Patch "crypto: af_alg - Forbid bind(2) when nokey child sockets are present" has been added to the 4.4-stable tree

[<gregkh@linuxfoundation.org>]

This is a note to let you know that I've just added the patch titled

    crypto: af_alg - Forbid bind(2) when nokey child sockets are present

to the 4.4-stable tree which can be found at:
    http://www.kernel.org/git/?p=linux/kernel/git/stable/stable-queue.git;a=summary

The filename of the patch is:
     crypto-af_alg-forbid-bind-2-when-nokey-child-sockets-are-present.patch
and it can be found in the queue-4.4 subdirectory.

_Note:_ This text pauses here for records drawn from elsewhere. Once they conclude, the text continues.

(* For every $N$-relay FD 1-2-1 network with graph $G=([0:N+1],E)$ and positive rational link capacities as in the context, the linear program P1 has an optimal solution $(x_p)_{p\in\mathcal P}$ with at most $2N+2$ indices $p$ such that $x_p>0$. Consequently $\mathsf{C}_{\rm cs,iid}$ (FD states) can be achieved by activating at most $2N+2$ paths.
   Context: Nodes are $[0:N+1]$; node $0$ is the source, $N+1$ the destination, $[1:N]$ relays. $E\subseteq\{(i,j): i\in[0:N],\ j\in[1:N+1],\ i\ne j\}$ is a set of directed links; each $(i,j)\in E$ has a positive rational capacity $\ell_{j,i}$. Paths: $\mathcal P$ is the set of all directed paths $p=(v_0,\dots,v_m)$ of distinct nodes with $v_0=0$, $v_m=N+1$ and $(v_{k-1},v_k)\in E$. For $i$ on $p$, $p.\mathrm{nx}(i)$, $p.\mathrm{pr}(i)$ are the nodes following and preceding $i$ on $p$; $\mathcal P_i$ is the set of paths containing $i$. $\mathsf C_p=\min_{(i,j)\text{ consecutive on }p}\ell_{j,i}$ and $f^p_{j,i}=\mathsf C_p/\ell_{j,i}$ for consecutive $(i,j)$ on $p$. P1 is the linear program $\max\sum_{p\in\mathcal P}x_p\mathsf C_p$ subject to $x_p\ge0$ for all $p$; $\sum_{p\in\mathcal P_i}x_p f^p_{p.\mathrm{nx}(i),i}\le1$ for all $i\in[0:N]$; $\sum_{p\in\mathcal P_i}x_pf^p_{i,p.\mathrm{pr}(i)}\le1$ for all $i\in[1:N+1]$. Its optimal value equals $\mathsf{C}_{\rm cs,iid}$, the FD approximate capacity $\max_\lambda\min_\Omega\sum_{i\in\Omega,j\in\Omega^c}(\sum_{s:\,(i,j)\text{ active in } s}\lambda_s)\ell_{j,i}$ (FD states, $0\in\Omega\subseteq[0:N]$). *)

theory Defs
  imports Complex_Main
begin

text \<open>A link from i to j is the pair (i,j) in E; its capacity is l j i (paper: l_{j,i}).\<close>

definition valid_links :: "nat \<Rightarrow> (nat \<times> nat) set \<Rightarrow> bool" where
  "valid_links N E \<longleftrightarrow> E \<subseteq> {(i,j). i \<le> N \<and> 1 \<le> j \<and> j \<le> Suc N \<and> i \<noteq> j}"

definition path_links :: "nat list \<Rightarrow> (nat \<times> nat) set" where
  "path_links p = set (zip p (tl p))"

definition paths :: "nat \<Rightarrow> (nat \<times> nat) set \<Rightarrow> nat list set" where
  "paths N E = {p. p \<noteq> [] \<and> distinct p \<and> hd p = 0 \<and> last p = Suc N \<and> path_links p \<subseteq> E}"

definition path_cap :: "(nat \<Rightarrow> nat \<Rightarrow> real) \<Rightarrow> nat list \<Rightarrow> real" where
  "path_cap l p = Min {l j i | i j. (i, j) \<in> path_links p}"

definition frac :: "(nat \<Rightarrow> nat \<Rightarrow> real) \<Rightarrow> nat list \<Rightarrow> nat \<Rightarrow> nat \<Rightarrow> real" where
  "frac l p j i = path_cap l p / l j i"

definition nx :: "nat list \<Rightarrow> nat \<Rightarrow> nat" where
  "nx p i = (THE j. (i, j) \<in> path_links p)"

definition pr :: "nat list \<Rightarrow> nat \<Rightarrow> nat" where
  "pr p i = (THE k. (k, i) \<in> path_links p)"

definition P1_feasible :: "nat \<Rightarrow> (nat \<times> nat) set \<Rightarrow> (nat \<Rightarrow> nat \<Rightarrow> real) \<Rightarrow> (nat list \<Rightarrow> real) \<Rightarrow> bool" where
  "P1_feasible N E l x \<longleftrightarrow>
     (\<forall>p \<in> paths N E. x p \<ge> 0) \<and>
     (\<forall>i \<in> {0..N}. (\<Sum>p \<in> {p \<in> paths N E. i \<in> set p}. x p * frac l p (nx p i) i) \<le> 1) \<and>
     (\<forall>i \<in> {1..Suc N}. (\<Sum>p \<in> {p \<in> paths N E. i \<in> set p}. x p * frac l p i (pr p i)) \<le> 1)"

definition P1_objective :: "nat \<Rightarrow> (nat \<times> nat) set \<Rightarrow> (nat \<Rightarrow> nat \<Rightarrow> real) \<Rightarrow> (nat list \<Rightarrow> real) \<Rightarrow> real" where
  "P1_objective N E l x = (\<Sum>p \<in> paths N E. x p * path_cap l p)"
(* For any formula $A$, the contraction rules $\mathsf{cl}_A$: from $\Gamma,A,A\Rightarrow\Delta$ infer $\Gamma,A\Rightarrow\Delta$, and $\mathsf{cr}_A$: from $\Gamma\Rightarrow A,A,\Delta$ infer $\Gamma\Rightarrow A,\Delta$ (for arbitrary finite multisets $\Gamma,\Delta$) are admissible in $\mathsf{Grz}_\infty$; that is, whenever the premise is provable in $\mathsf{Grz}_\infty$, so is the conclusion.
   Context: Formulas are built from $\bot$ and atomic propositions using $\to$ and $\Box$. A sequent is $\Gamma\Rightarrow\Delta$ with $\Gamma,\Delta$ finite multisets of formulas; $\Box\Pi$ denotes the multiset $\{\Box B:B\in\Pi\}$. The calculus $\mathsf{Grz}_\infty$ (without cut) has initial sequents $\Gamma,p\Rightarrow p,\Delta$ ($p$ atomic) and $\Gamma,\bot\Rightarrow\Delta$, and rules: $(\to_L)$ from $\Gamma,B\Rightarrow\Delta$ and $\Gamma\Rightarrow A,\Delta$ infer $\Gamma,A\to B\Rightarrow\Delta$; $(\to_R)$ from $\Gamma,A\Rightarrow B,\Delta$ infer $\Gamma\Rightarrow A\to B,\Delta$; $(\mathsf{refl})$ from $\Gamma,B,\Box B\Rightarrow\Delta$ infer $\Gamma,\Box B\Rightarrow\Delta$; $(\Box)$ from left premise $\Gamma,\Box\Pi\Rightarrow A,\Delta$ and right premise $\Box\Pi\Rightarrow A$ infer $\Gamma,\Box\Pi\Rightarrow\Box A,\Delta$. An $\infty$-proof is a possibly infinite tree of sequents built by these rules, with leaves labelled by initial sequents, in which every infinite branch passes through a right premise of $(\Box)$ infinitely often; a sequent is provable if it labels the root of an $\infty$-proof. *)

theory Defs
  imports "HOL-Library.Multiset"
begin

datatype fm = Bot | At nat | Imp fm fm | Box fm

type_synonym sequent = "fm multiset \<times> fm multiset"

text \<open>Rule labels. For BoxR, child 0 is the left premise, child 1 the right premise.\<close>
datatype rl = Ax | ImpL | ImpR | Refl | BoxR

codatatype ptree = PNode (root: sequent) (rule: rl) (subs: "ptree list")

fun step_ok :: "sequent \<Rightarrow> rl \<Rightarrow> sequent list \<Rightarrow> bool" where
  "step_ok S Ax ps \<longleftrightarrow> ps = [] \<and>
     ((\<exists>\<Gamma> \<Delta> p. S = (add_mset (At p) \<Gamma>, add_mset (At p) \<Delta>)) \<or>
      (\<exists>\<Gamma> \<Delta>. S = (add_mset Bot \<Gamma>, \<Delta>)))"
| "step_ok S ImpL ps \<longleftrightarrow> (\<exists>\<Gamma> \<Delta> A B. S = (add_mset (Imp A B) \<Gamma>, \<Delta>) \<and>
     ps = [(add_mset B \<Gamma>, \<Delta>), (\<Gamma>, add_mset A \<Delta>)])"
| "step_ok S ImpR ps \<longleftrightarrow> (\<exists>\<Gamma> \<Delta> A B. S = (\<Gamma>, add_mset (Imp A B) \<Delta>) \<and>
     ps = [(add_mset A \<Gamma>, add_mset B \<Delta>)])"
| "step_ok S Refl ps \<longleftrightarrow> (\<exists>\<Gamma> \<Delta> B. S = (add_mset (Box B) \<Gamma>, \<Delta>) \<and>
     ps = [(add_mset B (add_mset (Box B) \<Gamma>), \<Delta>)])"
| "step_ok S BoxR ps \<longleftrightarrow> (\<exists>\<Gamma> \<Pi> \<Delta> A. S = (\<Gamma> + image_mset Box \<Pi>, add_mset (Box A) \<Delta>) \<and>
     ps = [(\<Gamma> + image_mset Box \<Pi>, add_mset A \<Delta>), (image_mset Box \<Pi>, {#A#})])"

coinductive locally_correct :: "ptree \<Rightarrow> bool" where
  "step_ok (root t) (rule t) (map root (subs t)) \<Longrightarrow>
   (\<forall>s \<in> set (subs t). locally_correct s) \<Longrightarrow> locally_correct t"

definition is_branch :: "ptree \<Rightarrow> (nat \<Rightarrow> ptree) \<Rightarrow> (nat \<Rightarrow> nat) \<Rightarrow> bool" where
  "is_branch t f d \<longleftrightarrow> f 0 = t \<and>
     (\<forall>i. d i < length (subs (f i)) \<and> f (Suc i) = subs (f i) ! d i)"

definition inf_proof :: "ptree \<Rightarrow> bool" where
  "inf_proof t \<longleftrightarrow> locally_correct t \<and>
     (\<forall>f d. is_branch t f d \<longrightarrow> (\<forall>n. \<exists>i\<ge>n. rule (f i) = BoxR \<and> d i = 1))"

definition provable :: "sequent \<Rightarrow> bool" where
  "provable S \<longleftrightarrow> (\<exists>t. inf_proof t \<and> root t = S)"

end

theory Submission
  imports Defs
begin

text \<open>An \<open>\<infinity>\<close>-proof is the same as a finite derivation all of whose right premises of \<open>(\<Box>)\<close>
  are again \<open>\<infinity>\<close>-provable, so provability is the greatest fixed point of the operator sending
  \<open>X\<close> to the sequents finitely derivable from \<open>X\<close>-premises at the right of \<open>(\<Box>)\<close>.
  Contraction of \<open>A\<close> is proved by induction on \<open>A\<close>, using that within a finite derivation the
  rules for \<open>\<rightarrow>\<close> are invertible and \<open>(\<Box>)\<close> is invertible in its left premise. On the right,
  induct on the finite derivation: where a copy of \<open>A\<close> is principal, invert the other copy and
  contract the immediate subformulas. On the left the same works, except that a duplicated \<open>\<Box>B\<close>
  may lie in the boxed context \<open>\<Box>\<Pi>\<close> of \<open>(\<Box>)\<close> and must then be contracted in its right
  premise, which is again a left contraction of \<open>\<Box>B\<close>; this circularity is resolved by
  coinduction.\<close>

inductive fin_deriv :: "(fm multiset \<Rightarrow> fm multiset \<Rightarrow> bool) \<Rightarrow> fm multiset \<Rightarrow> fm multiset \<Rightarrow> bool"
  for X where
  ax_at: "fin_deriv X (add_mset (At p) G) (add_mset (At p) D)"
| ax_bot: "fin_deriv X (add_mset Bot G) D"
| imp_L: "fin_deriv X (add_mset B G) D \<Longrightarrow> fin_deriv X G (add_mset A D)
    \<Longrightarrow> fin_deriv X (add_mset (Imp A B) G) D"
| imp_R: "fin_deriv X (add_mset A G) (add_mset B D) \<Longrightarrow> fin_deriv X G (add_mset (Imp A B) D)"
| refl_L: "fin_deriv X (add_mset B (add_mset (Box B) G)) D \<Longrightarrow> fin_deriv X (add_mset (Box B) G) D"
| box_R: "fin_deriv X (G + image_mset Box P) (add_mset A D) \<Longrightarrow> X (image_mset Box P) {#A#}
     \<Longrightarrow> fin_deriv X (G + image_mset Box P) (add_mset (Box A) D)"

lemma fin_deriv_mono: "fin_deriv X G D \<Longrightarrow> (\<And>G D. X G D \<Longrightarrow> Y G D) \<Longrightarrow> fin_deriv Y G D"
  by (induction rule: fin_deriv.induct) (auto intro: fin_deriv.intros)

lemma fin_deriv_mono_le: "X \<le> Y \<Longrightarrow> fin_deriv X \<le> fin_deriv Y"
  by (intro le_funI le_boolI) (erule fin_deriv_mono, auto simp: le_fun_def)

coinductive coprovable :: "fm multiset \<Rightarrow> fm multiset \<Rightarrow> bool" where
  "fin_deriv coprovable G D \<Longrightarrow> coprovable G D"
monos fin_deriv_mono_le

lemma coprovable_iff: "coprovable G D \<longleftrightarrow> fin_deriv coprovable G D"
  by (auto elim: coprovable.cases intro: coprovable.intros)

If you, or anyone else, feels it should not be added to the stable tree,
please let <stable@vger.kernel.org> know about it.


>From a6a48c565f6f112c6983e2a02b1602189ed6e26e Mon Sep 17 00:00:00 2001
From: Herbert Xu <herbert@gondor.apana.org.au>
Date: Wed, 13 Jan 2016 15:03:32 +0800
Subject: crypto: af_alg - Forbid bind(2) when nokey child sockets are present

From: Herbert Xu <herbert@gondor.apana.org.au>

commit a6a48c565f6f112c6983e2a02b1602189ed6e26e upstream.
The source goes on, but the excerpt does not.